Personnage immémoré, si ce n’est pour son parcours politique, Abel Bonnard siégeait à l’Académie française et fut pourtant l’un des écrivains les plus en vogue durant l’entre-deux guerres, poussant Céline à le qualifier d’« un des plus beaux esprits français ». Son œuvre foisonnante se compose, entre autres, de poésie, de récits de voyages, de romans, de biographies et d’un versant qui s’inscrit dans la lignée des moralistes français de l’Âge classique, dont fait partie son essai intitulé L’Amitié, paru en 1928.
Dans son Éthique à Nicomaque, Aristote consacre deux chapitres à l’amitié dans lesquels il entend celle-ci dans son acception polysémique. La philoi déborde ainsi la conception simplement « amicale » qui nous est familière pour signifier plutôt sociabilité, réciprocité d’affection. Elle recouvre les rapports que peuvent entretenir entre eux les animaux, les amants (songeons à ce que Tristan chante à Iseut chez Marie de France : « Bele amie, si est de nus :/ Ne vus sans mei, no je sanz vus »), les divers membres d’une famille… Aristote, en plus d’expliciter ces différentes relations, distingue, comme le feront plus tard Cicéron et Montaigne, trois types d’amitié, qui sont de nature différente et non simplement de degrés : la première, la plus vulgaire, est celle fondée sur l’intérêt et donc l’utile ; vient ensuite celle qui s’apparente à la compagnie agréable mais qui n’est que l’image de l’amitié véritable, la troisième, qui se rapporte au bien et permet l’accomplissement de la vertu entre hommes bons.

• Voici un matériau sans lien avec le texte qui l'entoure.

lemma lipschitz_on_fixed_lip_width:
  assumes "bounded K" "K \<noteq> {}" "is_norm_on k N"
  shows "1-lipschitz_on {0..} (fixed_lip_width K k N)"
proof (rule lipschitz_on_leI)
  fix \<gamma> \<gamma>' :: real assume "\<gamma> \<in> {0..}" "\<gamma>' \<in> {0..}" "\<gamma> \<le> \<gamma>'"
  then show "dist (fixed_lip_width K k N \<gamma>) (fixed_lip_width K k N \<gamma>') \<le> 1 * dist \<gamma> \<gamma>'"
    using fixed_lip_width_antimono[OF assms, of \<gamma> \<gamma>'] fixed_lip_width_le_add[OF assms, of \<gamma> \<gamma>']
    by (simp add: dist_real_def)
qed simp

lemma lipschitz_on_INF:
  fixes f :: "'i \<Rightarrow> 'a::metric_space \<Rightarrow> real"
  assumes "0 \<le> L" and lip: "\<And>i. i \<in> I \<Longrightarrow> L-lipschitz_on X (f i)"
    and bdd: "\<And>x. x \<in> X \<Longrightarrow> bdd_below ((\<lambda>i. f i x) ` I)"
  shows "L-lipschitz_on X (\<lambda>x. INF i\<in>I. f i x)"
proof (rule lipschitz_onI[OF _ \<open>0 \<le> L\<close>])
  have le: "(INF i\<in>I. f i x) \<le> (INF i\<in>I. f i y) + L * dist x y" if "x \<in> X" "y \<in> X" for x y
  proof (cases "I = {}")
    case False
    have "(INF i\<in>I. f i x) - L * dist x y \<le> (INF i\<in>I. f i y)"
    proof (rule cINF_greatest[OF False])
      fix i assume i: "i \<in> I"
      have "(INF i\<in>I. f i x) \<le> f i x" by (rule cINF_lower[OF bdd[OF that(1)] i])
      also have "\<dots> \<le> f i y + L * dist x y"
        using lipschitz_onD[OF lip[OF i] that] by (simp add: dist_real_def)
      finally show "(INF i\<in>I. f i x) - L * dist x y \<le> f i y" by simp
    qed
    then show ?thesis by simp
  qed (simp add: \<open>0 \<le> L\<close>)
  fix x y assume "x \<in> X" "y \<in> X"
  then show "dist (INF i\<in>I. f i x) (INF i\<in>I. f i y) \<le> L * dist x y"
    using le[of x y] le[of y x] by (simp add: dist_real_def dist_commute)
qed
(* Let $N$ be the $t$-th power of a positive integer. Assume that for some $C$ and $D$, for every integer $0 \le c < t$, there is a bipartite graph with $C N^{(c+1)/t}$ left nodes, at most $C N^{c/t}$ right nodes, left degree at most $D$, and dynamic matching up to $N^{c/t}$. Then there exists an $N$-connector of depth $t$ with at most $tCD N^{1+1/t}$ edges.
   Context: Dynamic matching up to $K$: in the following game Matcher has a strategy with which she never loses. Requester and Matcher alternate (Requester starts), maintaining a set $M$ of edges, initially empty; Requester removes zero or more edges so that $\#M\le K-1$ and selects a left node $x$; Matcher adds an edge, after which $x$ must be incident to an edge of $M$ and each right node to at most one edge of $M$. An $N$-network is a directed acyclic graph with $N$ designated input nodes and $N$ designated output nodes; its depth is the length of the longest input-to-output path. Connection game: Requester and Connector alternate (Requester starts), maintaining a set of node-disjoint trees, each with an input as root and outputs as leaves, initially empty. Requester removes zero or more trees and may then select an input $x$ and an output $y$ lying on no tree; Connector may create or extend a tree (keeping trees node-disjoint), after which some tree must have root $x$ and leaf $y$. An $N$-connector is an $N$-network in which Connector has a strategy with which she never fails. *)

theory Defs
  imports Complex_Main
begin

text \<open>A bipartite graph is given by a set L of left nodes, a set R of right nodes and
  an edge set E \<subseteq> L \<times> R (nodes are natural numbers; left and right nodes are
  distinguished by the position in the pair).\<close>

definition bipartite :: "nat set \<Rightarrow> nat set \<Rightarrow> (nat \<times> nat) set \<Rightarrow> bool" where
  "bipartite L R E \<longleftrightarrow> finite L \<and> finite R \<and> E \<subseteq> L \<times> R"

definition left_degree_le :: "nat set \<Rightarrow> (nat \<times> nat) set \<Rightarrow> real \<Rightarrow> bool" where
  "left_degree_le L E D \<longleftrightarrow> (\<forall>x\<in>L. real (card {y. (x, y) \<in> E}) \<le> D)"

text \<open>One round of the matching game: from position M, Requester keeps M' \<subseteq> M with
  #M' \<le> K-1 and selects a left node x; Matcher adds an edge e, and afterwards x must be
  covered and each right node must be incident to at most one edge.\<close>

definition matcher_ok :: "nat set \<Rightarrow> (nat \<times> nat) set \<Rightarrow> nat \<Rightarrow> (nat \<times> nat) set \<Rightarrow> nat
    \<Rightarrow> (nat \<times> nat) set \<Rightarrow> bool" where
  "matcher_ok L E K M' x M'' \<longleftrightarrow>
     (\<exists>e\<in>E. M'' = insert e M') \<and> x \<in> fst ` M'' \<and> inj_on snd M''"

L’amitié véritable qui, à la différence du caractère accidentel des « relations familières nouées par quelque circonstance ou par utilité » (Montaigne), est immuable et peut seule naître parmi les hommes vertueux, « ami en vertu d’un certain bien et d’une certaine ressemblance » (Aristote). Cette amitié est celle du choix absolu d’un être chez qui l’on reconnaît son semblable sur le plan de la vertu, qui est tout autant bénéfique qu’elle émane de nous ou d’un autre homme de valeur, l’ami étant chez Aristote « un autre soi-même ».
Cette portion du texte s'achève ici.